Provided data:

lemma HO_vector_reflect:
  assumes "0 \<le> k" and "0 < n" and C: "HO_vector k n C"
  shows "HO_vector k (- n) (\<lambda>j. C (- j) + of_real (k / (of_int n + k)) * C j)"
proof -
  have "C (- n) = 0"
    using C assms(2) uminus_not_in_below[OF assms(2)] by (auto simp: HO_vector_def)
  moreover have "C (- j) = 0" "C j = 0" if "j \<notin> insert (- n) (below (- n))" for j
  proof -
    have "C i = 0" if "i \<noteq> n" "i \<notin> below n" for i
      using C that by (simp add: HO_vector_def)
    moreover have "- j \<notin> below n"
      using uminus_in_below[OF assms(2), of "- j"] that by (auto simp: below_uminus[OF assms(2)])
    ultimately show "C (- j) = 0" "C j = 0"
      using that by (auto simp: below_uminus[OF assms(2)])
  qed
  moreover have "gram k n (\<lambda>j. C (- j) + of_real (k / (of_int n + k)) * C j) l = 0" if "l \<in> below (- n)" for l
    using that gram_reflect_combination_top[OF assms]
      gram_reflect_combination[OF assms(2) C, where a = "of_real (k / (of_int n + k))"]
    by (auto simp: below_uminus[OF assms(2)])
  ultimately show ?thesis
    using C assms(2) by (simp add: HO_vector_def)
qed

theorem mainTheorem3:
  fixes k :: real and n :: int and x :: real
  assumes "k \<ge> 0" and "n \<ge> 1"
  shows "E k (-n) x = E k n (-x) + complex_of_real (k / (of_int n + k)) * E k n x"
proof -
  define a where "a = complex_of_real (k / (of_int n + k))"
  have n: "0 < n"
    using assms(2) by simp
  obtain C where C: "HO_vector k n C"
    using HO_vector_exists[OF assms(1)] by blast
  have E_n: "E k n y = (\<Sum>j\<in>{- n..n}. C j * exp (of_int j * of_real y))" for y
    using E_eq_HO_vector_sum[OF assms(1) C] n by simp
  have "E k (- n) x = (\<Sum>j\<in>{- n..n}. (C (- j) + a * C j) * exp (of_int j * of_real x))"
    using E_eq_HO_vector_sum[OF assms(1) HO_vector_reflect[OF assms(1) n C]] n by (simp add: a_def)
  also have "\<dots> = (\<Sum>j\<in>{- n..n}. C (- j) * exp (of_int j * of_real x)) + a * E k n x"
    by (simp add: E_n sum.distrib sum_distrib_left algebra_simps)
  also have "(\<Sum>j\<in>{- n..n}. C (- j) * exp (of_int j * of_real x)) = E k n (- x)"
    unfolding E_n by (rule sum.reindex_bij_witness[of _ uminus uminus]) auto
  finally show ?thesis
    by (simp add: a_def)
qed

end
lemma cinner_diff_right: "cinner x (y - z) = cinner x y - cinner x z"
  by (simp add: cinner_def right_diff_distrib sum_subtractf)

lemma cinner_diff_left: "cinner (x - y) z = cinner x z - cinner y z"
  by (simp add: cinner_def left_diff_distrib sum_subtractf)

lemma cinner_scale_right: "cinner x (c *s y) = c * cinner x y"
  by (simp add: cinner_def sum_distrib_left mult_ac)

lemma cinner_scale_left: "cinner (c *s x) y = cnj c * cinner x y"
  by (simp add: cinner_def sum_distrib_left mult_ac)

lemma cinner_scaleR_right: "cinner x (c *\<^sub>R y) = of_real c * cinner x y"
  unfolding cinner_def vector_scaleR_component
  by (simp add: sum_distrib_left scaleR_conv_of_real mult_ac)

lemma cinner_sum_right: "finite S \<Longrightarrow> cinner x (sum f S) = (\<Sum>v\<in>S. cinner x (f v))"
  by (simp add: cinner_def sum_distrib_left sum.swap[of _ UNIV S])

lemma cinner_zero_right [simp]: "cinner x 0 = 0"
  by (simp add: cinner_def)

lemma cnj_cinner: "cnj (cinner x y) = cinner y x"
  by (simp add: cinner_def mult.commute)

lemma Re_cinner: "Re (cinner x y) = inner x y"
  by (simp add: cinner_def inner_vec_def inner_complex_def)

lemma Re_cinner_commute: "Re (cinner x y) = Re (cinner y x)"
  by (simp add: Re_cinner inner_commute)

lemma cinner_self: "cinner x x = of_real ((norm x)\<^sup>2)"
  by (simp add: complex_eq_iff Re_cinner power2_norm_eq_inner) (simp add: cinner_def)

lemma cinner_self_eq_0_iff [simp]: "cinner x x = 0 \<longleftrightarrow> x = 0"
  by (simp add: cinner_self)

lemma cinner_adjoint: "cinner x (A *v y) = cinner (cadjoint A *v x) y"
proof -
  have "cinner x (A *v y) = (\<Sum>i\<in>UNIV. \<Sum>j\<in>UNIV. cnj (x$i) * A$i$j * y$j)"
    by (simp add: cinner_def matrix_vector_mult_def sum_distrib_left mult.assoc)
  also have "\<dots> = (\<Sum>j\<in>UNIV. \<Sum>i\<in>UNIV. cnj (x$i) * A$i$j * y$j)"
    by (rule sum.swap)
  also have "\<dots> = cinner (cadjoint A *v x) y"
    by (simp add: cinner_def matrix_vector_mult_def cadjoint_def sum_distrib_left sum_distrib_right
        mult_ac)
  finally show ?thesis .
qed

lemma cadjoint_cadjoint [simp]: "cadjoint (cadjoint A) = A"
  by (simp add: cadjoint_def vec_eq_iff)

lemma cadjoint_matrix_mult: "cadjoint (A ** B) = cadjoint B ** cadjoint A"
  by (simp add: cadjoint_def vec_eq_iff matrix_matrix_mult_def mult.commute)

lemma cadjoint_add: "cadjoint (A + B) = cadjoint A + cadjoint B"
  by (simp add: cadjoint_def vec_eq_iff)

Required action:
The listing above is to be transcribed exactly. Include every line.

Your response:
lemma HO_vector_reflect:
  assumes "0 \<le> k" and "0 < n" and C: "HO_vector k n C"
  shows "HO_vector k (- n) (\<lambda>j. C (- j) + of_real (k / (of_int n + k)) * C j)"
proof -
  have "C (- n) = 0"
    using C assms(2) uminus_not_in_below[OF assms(2)] by (auto simp: HO_vector_def)
  moreover have "C (- j) = 0" "C j = 0" if "j \<notin> insert (- n) (below (- n))" for j
  proof -
    have "C i = 0" if "i \<noteq> n" "i \<notin> below n" for i
      using C that by (simp add: HO_vector_def)
    moreover have "- j \<notin> below n"
      using uminus_in_below[OF assms(2), of "- j"] that by (auto simp: below_uminus[OF assms(2)])
    ultimately show "C (- j) = 0" "C j = 0"
      using that by (auto simp: below_uminus[OF assms(2)])
  qed
  moreover have "gram k n (\<lambda>j. C (- j) + of_real (k / (of_int n + k)) * C j) l = 0" if "l \<in> below (- n)" for l
    using that gram_reflect_combination_top[OF assms]
      gram_reflect_combination[OF assms(2) C, where a = "of_real (k / (of_int n + k))"]
    by (auto simp: below_uminus[OF assms(2)])
  ultimately show ?thesis
    using C assms(2) by (simp add: HO_vector_def)
qed

theorem mainTheorem3:
  fixes k :: real and n :: int and x :: real
  assumes "k \<ge> 0" and "n \<ge> 1"
  shows "E k (-n) x = E k n (-x) + complex_of_real (k / (of_int n + k)) * E k n x"
proof -
  define a where "a = complex_of_real (k / (of_int n + k))"
  have n: "0 < n"
    using assms(2) by simp
  obtain C where C: "HO_vector k n C"
    using HO_vector_exists[OF assms(1)] by blast
  have E_n: "E k n y = (\<Sum>j\<in>{- n..n}. C j * exp (of_int j * of_real y))" for y
    using E_eq_HO_vector_sum[OF assms(1) C] n by simp
  have "E k (- n) x = (\<Sum>j\<in>{- n..n}. (C (- j) + a * C j) * exp (of_int j * of_real x))"
    using E_eq_HO_vector_sum[OF assms(1) HO_vector_reflect[OF assms(1) n C]] n by (simp add: a_def)
  also have "\<dots> = (\<Sum>j\<in>{- n..n}. C (- j) * exp (of_int j * of_real x)) + a * E k n x"
    by (simp add: E_n sum.distrib sum_distrib_left algebra_simps)
  also have "(\<Sum>j\<in>{- n..n}. C (- j) * exp (of_int j * of_real x)) = E k n (- x)"
    unfolding E_n by (rule sum.reindex_bij_witness[of _ uminus uminus]) auto
  finally show ?thesis
    by (simp add: a_def)
qed

end
lemma cinner_diff_right: "cinner x (y - z) = cinner x y - cinner x z"
  by (simp add: cinner_def right_diff_distrib sum_subtractf)

lemma cinner_diff_left: "cinner (x - y) z = cinner x z - cinner y z"
  by (simp add: cinner_def left_diff_distrib sum_subtractf)

lemma cinner_scale_right: "cinner x (c *s y) = c * cinner x y"
  by (simp add: cinner_def sum_distrib_left mult_ac)

lemma cinner_scale_left: "cinner (c *s x) y = cnj c * cinner x y"
  by (simp add: cinner_def sum_distrib_left mult_ac)

lemma cinner_scaleR_right: "cinner x (c *\<^sub>R y) = of_real c * cinner x y"
  unfolding cinner_def vector_scaleR_component
  by (simp add: sum_distrib_left scaleR_conv_of_real mult_ac)

lemma cinner_sum_right: "finite S \<Longrightarrow> cinner x (sum f S) = (\<Sum>v\<in>S. cinner x (f v))"
  by (simp add: cinner_def sum_distrib_left sum.swap[of _ UNIV S])

lemma cinner_zero_right [simp]: "cinner x 0 = 0"
  by (simp add: cinner_def)

lemma cnj_cinner: "cnj (cinner x y) = cinner y x"
  by (simp add: cinner_def mult.commute)

lemma Re_cinner: "Re (cinner x y) = inner x y"
  by (simp add: cinner_def inner_vec_def inner_complex_def)

lemma Re_cinner_commute: "Re (cinner x y) = Re (cinner y x)"
  by (simp add: Re_cinner inner_commute)

lemma cinner_self: "cinner x x = of_real ((norm x)\<^sup>2)"
  by (simp add: complex_eq_iff Re_cinner power2_norm_eq_inner) (simp add: cinner_def)

lemma cinner_self_eq_0_iff [simp]: "cinner x x = 0 \<longleftrightarrow> x = 0"
  by (simp add: cinner_self)

lemma cinner_adjoint: "cinner x (A *v y) = cinner (cadjoint A *v x) y"
proof -
  have "cinner x (A *v y) = (\<Sum>i\<in>UNIV. \<Sum>j\<in>UNIV. cnj (x$i) * A$i$j * y$j)"
    by (simp add: cinner_def matrix_vector_mult_def sum_distrib_left mult.assoc)
  also have "\<dots> = (\<Sum>j\<in>UNIV. \<Sum>i\<in>UNIV. cnj (x$i) * A$i$j * y$j)"
    by (rule sum.swap)
  also have "\<dots> = cinner (cadjoint A *v x) y"
    by (simp add: cinner_def matrix_vector_mult_def cadjoint_def sum_distrib_left sum_distrib_right
        mult_ac)
  finally show ?thesis .
qed

lemma cadjoint_cadjoint [simp]: "cadjoint (cadjoint A) = A"
  by (simp add: cadjoint_def vec_eq_iff)

lemma cadjoint_matrix_mult: "cadjoint (A ** B) = cadjoint B ** cadjoint A"
  by (simp add: cadjoint_def vec_eq_iff matrix_matrix_mult_def mult.commute)

lemma cadjoint_add: "cadjoint (A + B) = cadjoint A + cadjoint B"
  by (simp add: cadjoint_def vec_eq_iff)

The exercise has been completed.